Your goal
Using the data below, gather each line that includes the word "unfolding".
=== Study material ===
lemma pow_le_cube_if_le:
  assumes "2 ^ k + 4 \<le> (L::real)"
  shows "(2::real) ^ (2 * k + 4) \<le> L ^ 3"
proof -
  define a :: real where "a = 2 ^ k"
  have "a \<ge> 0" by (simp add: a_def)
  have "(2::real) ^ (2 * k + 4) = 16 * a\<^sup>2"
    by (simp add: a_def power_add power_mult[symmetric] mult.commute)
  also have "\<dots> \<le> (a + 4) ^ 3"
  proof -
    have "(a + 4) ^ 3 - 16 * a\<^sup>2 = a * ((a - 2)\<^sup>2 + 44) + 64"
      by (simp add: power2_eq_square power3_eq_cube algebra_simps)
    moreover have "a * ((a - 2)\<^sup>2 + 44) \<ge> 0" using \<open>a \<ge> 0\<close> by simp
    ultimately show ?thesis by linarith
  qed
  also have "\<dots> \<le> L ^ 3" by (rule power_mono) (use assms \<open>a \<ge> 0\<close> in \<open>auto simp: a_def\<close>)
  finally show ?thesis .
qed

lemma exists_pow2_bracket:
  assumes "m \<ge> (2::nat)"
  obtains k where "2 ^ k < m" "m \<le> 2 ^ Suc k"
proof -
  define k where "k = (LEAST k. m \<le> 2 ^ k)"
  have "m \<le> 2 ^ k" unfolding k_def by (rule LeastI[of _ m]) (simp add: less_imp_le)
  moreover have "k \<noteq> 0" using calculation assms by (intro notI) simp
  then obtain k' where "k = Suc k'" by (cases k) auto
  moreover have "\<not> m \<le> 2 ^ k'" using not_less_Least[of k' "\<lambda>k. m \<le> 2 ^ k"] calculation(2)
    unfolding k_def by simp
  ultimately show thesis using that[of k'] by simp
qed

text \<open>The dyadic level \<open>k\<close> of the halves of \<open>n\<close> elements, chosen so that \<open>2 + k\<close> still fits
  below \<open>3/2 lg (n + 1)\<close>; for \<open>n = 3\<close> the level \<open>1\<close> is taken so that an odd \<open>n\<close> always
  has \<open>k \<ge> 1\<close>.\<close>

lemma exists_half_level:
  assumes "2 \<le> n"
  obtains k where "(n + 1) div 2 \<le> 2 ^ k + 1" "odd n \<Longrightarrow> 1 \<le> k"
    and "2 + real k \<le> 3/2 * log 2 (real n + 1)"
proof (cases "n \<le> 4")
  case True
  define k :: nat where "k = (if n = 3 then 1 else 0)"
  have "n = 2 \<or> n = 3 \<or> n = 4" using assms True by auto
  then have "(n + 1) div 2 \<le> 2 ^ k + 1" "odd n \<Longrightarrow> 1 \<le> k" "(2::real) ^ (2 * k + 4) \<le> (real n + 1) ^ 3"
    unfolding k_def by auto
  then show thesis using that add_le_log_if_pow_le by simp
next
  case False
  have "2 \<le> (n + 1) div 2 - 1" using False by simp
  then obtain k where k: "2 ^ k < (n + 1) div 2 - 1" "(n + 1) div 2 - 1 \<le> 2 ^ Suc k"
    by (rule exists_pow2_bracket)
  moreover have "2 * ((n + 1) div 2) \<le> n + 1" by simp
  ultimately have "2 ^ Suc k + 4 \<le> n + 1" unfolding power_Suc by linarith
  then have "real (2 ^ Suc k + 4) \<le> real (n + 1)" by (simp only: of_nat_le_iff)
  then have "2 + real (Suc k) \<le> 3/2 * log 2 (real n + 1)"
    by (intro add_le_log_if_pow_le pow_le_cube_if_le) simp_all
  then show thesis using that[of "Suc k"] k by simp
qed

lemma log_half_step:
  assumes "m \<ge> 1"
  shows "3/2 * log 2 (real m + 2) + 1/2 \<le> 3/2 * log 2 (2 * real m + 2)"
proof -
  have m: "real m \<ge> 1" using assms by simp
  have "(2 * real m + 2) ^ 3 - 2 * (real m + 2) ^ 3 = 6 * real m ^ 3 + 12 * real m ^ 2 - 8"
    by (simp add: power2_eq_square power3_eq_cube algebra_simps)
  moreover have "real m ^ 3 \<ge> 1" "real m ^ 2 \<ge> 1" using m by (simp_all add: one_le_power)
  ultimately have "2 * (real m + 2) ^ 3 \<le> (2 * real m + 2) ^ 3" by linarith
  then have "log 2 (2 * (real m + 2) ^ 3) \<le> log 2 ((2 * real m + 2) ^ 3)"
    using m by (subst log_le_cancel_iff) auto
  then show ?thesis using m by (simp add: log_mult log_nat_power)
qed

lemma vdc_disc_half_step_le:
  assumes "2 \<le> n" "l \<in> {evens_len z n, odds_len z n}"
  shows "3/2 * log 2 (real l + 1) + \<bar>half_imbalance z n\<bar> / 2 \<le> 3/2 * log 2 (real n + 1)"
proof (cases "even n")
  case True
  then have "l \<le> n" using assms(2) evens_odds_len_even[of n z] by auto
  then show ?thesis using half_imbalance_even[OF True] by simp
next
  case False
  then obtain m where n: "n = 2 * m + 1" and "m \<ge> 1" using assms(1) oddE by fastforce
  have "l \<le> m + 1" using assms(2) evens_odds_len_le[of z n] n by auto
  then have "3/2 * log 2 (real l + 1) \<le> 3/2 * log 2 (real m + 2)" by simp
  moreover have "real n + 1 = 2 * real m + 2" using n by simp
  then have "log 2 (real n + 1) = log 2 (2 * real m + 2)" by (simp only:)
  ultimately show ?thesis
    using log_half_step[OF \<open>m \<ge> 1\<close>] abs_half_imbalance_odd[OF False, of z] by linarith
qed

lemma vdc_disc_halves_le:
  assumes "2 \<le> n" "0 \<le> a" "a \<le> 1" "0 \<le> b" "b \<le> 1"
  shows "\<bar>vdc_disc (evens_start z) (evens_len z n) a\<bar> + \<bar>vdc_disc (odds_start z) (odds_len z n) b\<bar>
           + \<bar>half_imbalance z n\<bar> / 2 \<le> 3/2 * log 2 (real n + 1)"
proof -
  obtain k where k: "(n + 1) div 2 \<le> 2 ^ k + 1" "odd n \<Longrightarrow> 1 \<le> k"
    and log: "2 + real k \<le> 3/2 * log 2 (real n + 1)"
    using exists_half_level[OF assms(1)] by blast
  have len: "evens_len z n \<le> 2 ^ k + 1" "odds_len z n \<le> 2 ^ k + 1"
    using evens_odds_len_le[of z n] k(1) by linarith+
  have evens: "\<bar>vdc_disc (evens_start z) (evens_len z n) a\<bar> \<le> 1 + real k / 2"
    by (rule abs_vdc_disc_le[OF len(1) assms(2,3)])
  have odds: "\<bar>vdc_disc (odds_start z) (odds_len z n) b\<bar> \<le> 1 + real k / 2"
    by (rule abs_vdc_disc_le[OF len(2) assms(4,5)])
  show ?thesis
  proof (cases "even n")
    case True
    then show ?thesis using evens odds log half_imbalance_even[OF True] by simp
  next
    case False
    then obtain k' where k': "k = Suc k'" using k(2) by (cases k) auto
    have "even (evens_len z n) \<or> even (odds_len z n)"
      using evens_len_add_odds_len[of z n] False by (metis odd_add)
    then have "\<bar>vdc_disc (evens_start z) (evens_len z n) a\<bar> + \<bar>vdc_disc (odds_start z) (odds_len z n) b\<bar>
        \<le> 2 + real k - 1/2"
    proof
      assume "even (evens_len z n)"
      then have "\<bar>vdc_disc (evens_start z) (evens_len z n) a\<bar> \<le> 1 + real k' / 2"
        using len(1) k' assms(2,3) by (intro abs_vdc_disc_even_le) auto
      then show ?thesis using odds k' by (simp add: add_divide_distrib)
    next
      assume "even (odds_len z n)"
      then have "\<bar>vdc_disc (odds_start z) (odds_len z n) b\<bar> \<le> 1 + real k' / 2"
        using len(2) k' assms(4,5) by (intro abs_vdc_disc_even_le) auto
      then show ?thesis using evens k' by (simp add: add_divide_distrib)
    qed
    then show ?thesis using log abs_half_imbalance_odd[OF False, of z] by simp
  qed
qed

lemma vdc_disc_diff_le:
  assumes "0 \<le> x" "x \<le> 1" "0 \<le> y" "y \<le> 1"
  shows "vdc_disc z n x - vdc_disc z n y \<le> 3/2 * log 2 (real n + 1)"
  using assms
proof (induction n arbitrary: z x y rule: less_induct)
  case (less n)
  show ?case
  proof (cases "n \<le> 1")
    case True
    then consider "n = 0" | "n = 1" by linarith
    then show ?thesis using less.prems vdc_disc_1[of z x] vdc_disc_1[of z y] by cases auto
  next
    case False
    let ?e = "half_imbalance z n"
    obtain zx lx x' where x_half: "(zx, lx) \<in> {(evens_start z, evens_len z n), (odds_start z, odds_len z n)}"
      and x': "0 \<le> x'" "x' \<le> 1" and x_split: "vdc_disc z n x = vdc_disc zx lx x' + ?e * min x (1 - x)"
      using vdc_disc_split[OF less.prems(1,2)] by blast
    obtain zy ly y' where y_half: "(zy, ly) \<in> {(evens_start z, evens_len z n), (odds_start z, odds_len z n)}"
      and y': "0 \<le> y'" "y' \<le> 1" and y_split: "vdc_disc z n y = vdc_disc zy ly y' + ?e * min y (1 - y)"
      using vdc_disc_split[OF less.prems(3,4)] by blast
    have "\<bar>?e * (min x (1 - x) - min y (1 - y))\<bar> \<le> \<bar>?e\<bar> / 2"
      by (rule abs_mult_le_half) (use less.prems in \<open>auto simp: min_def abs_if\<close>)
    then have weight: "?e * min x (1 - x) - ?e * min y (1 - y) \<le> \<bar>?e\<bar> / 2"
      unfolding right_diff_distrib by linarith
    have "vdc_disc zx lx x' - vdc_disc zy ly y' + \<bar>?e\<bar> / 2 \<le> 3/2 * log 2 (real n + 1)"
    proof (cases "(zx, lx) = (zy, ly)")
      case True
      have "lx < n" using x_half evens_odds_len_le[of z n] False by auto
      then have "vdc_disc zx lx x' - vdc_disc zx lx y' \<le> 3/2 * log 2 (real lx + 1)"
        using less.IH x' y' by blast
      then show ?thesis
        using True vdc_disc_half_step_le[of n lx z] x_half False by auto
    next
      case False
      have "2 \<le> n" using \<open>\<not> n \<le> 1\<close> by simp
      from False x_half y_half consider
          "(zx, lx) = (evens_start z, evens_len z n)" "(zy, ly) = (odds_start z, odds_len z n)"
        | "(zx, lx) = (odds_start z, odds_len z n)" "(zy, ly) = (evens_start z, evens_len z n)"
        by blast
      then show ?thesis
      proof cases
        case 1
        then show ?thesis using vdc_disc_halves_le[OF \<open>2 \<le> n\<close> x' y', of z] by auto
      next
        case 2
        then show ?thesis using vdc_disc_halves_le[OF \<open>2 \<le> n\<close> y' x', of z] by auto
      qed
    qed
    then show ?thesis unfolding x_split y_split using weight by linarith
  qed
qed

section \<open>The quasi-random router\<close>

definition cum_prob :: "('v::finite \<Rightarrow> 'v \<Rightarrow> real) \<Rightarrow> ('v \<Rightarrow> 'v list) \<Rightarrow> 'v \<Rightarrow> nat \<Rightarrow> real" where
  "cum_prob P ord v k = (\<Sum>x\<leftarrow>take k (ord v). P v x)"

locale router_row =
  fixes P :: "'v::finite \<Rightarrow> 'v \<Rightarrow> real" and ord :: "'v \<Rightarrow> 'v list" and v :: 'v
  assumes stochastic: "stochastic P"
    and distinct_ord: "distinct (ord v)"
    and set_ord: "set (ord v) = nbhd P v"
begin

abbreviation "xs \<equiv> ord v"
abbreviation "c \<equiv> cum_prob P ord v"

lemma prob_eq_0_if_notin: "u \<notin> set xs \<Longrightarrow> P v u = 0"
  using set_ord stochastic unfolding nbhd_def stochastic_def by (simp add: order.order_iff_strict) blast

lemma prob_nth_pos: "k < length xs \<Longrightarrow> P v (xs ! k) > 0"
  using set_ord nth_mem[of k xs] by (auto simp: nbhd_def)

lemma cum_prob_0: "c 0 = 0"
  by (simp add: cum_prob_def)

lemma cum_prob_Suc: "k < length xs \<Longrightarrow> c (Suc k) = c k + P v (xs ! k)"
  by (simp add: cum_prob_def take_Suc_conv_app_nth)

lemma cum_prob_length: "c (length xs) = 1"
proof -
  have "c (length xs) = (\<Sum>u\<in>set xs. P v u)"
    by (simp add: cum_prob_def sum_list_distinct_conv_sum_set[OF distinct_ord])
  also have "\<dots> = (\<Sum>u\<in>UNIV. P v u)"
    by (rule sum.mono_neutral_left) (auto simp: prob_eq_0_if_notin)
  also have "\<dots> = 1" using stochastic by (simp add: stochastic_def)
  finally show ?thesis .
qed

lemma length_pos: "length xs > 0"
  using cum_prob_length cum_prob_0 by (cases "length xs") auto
===
Output for this exercise
  have "m \<le> 2 ^ k" unfolding k_def by (rule LeastI[of _ m]) (simp add: less_imp_le)
    unfolding k_def by simp
    unfolding k_def by auto
  ultimately have "2 ^ Suc k + 4 \<le> n + 1" unfolding power_Suc by linarith
      unfolding right_diff_distrib by linarith
    then show ?thesis unfolding x_split y_split using weight by linarith
  using set_ord stochastic unfolding nbhd_def stochastic_def by (simp add: order.order_iff_strict) blast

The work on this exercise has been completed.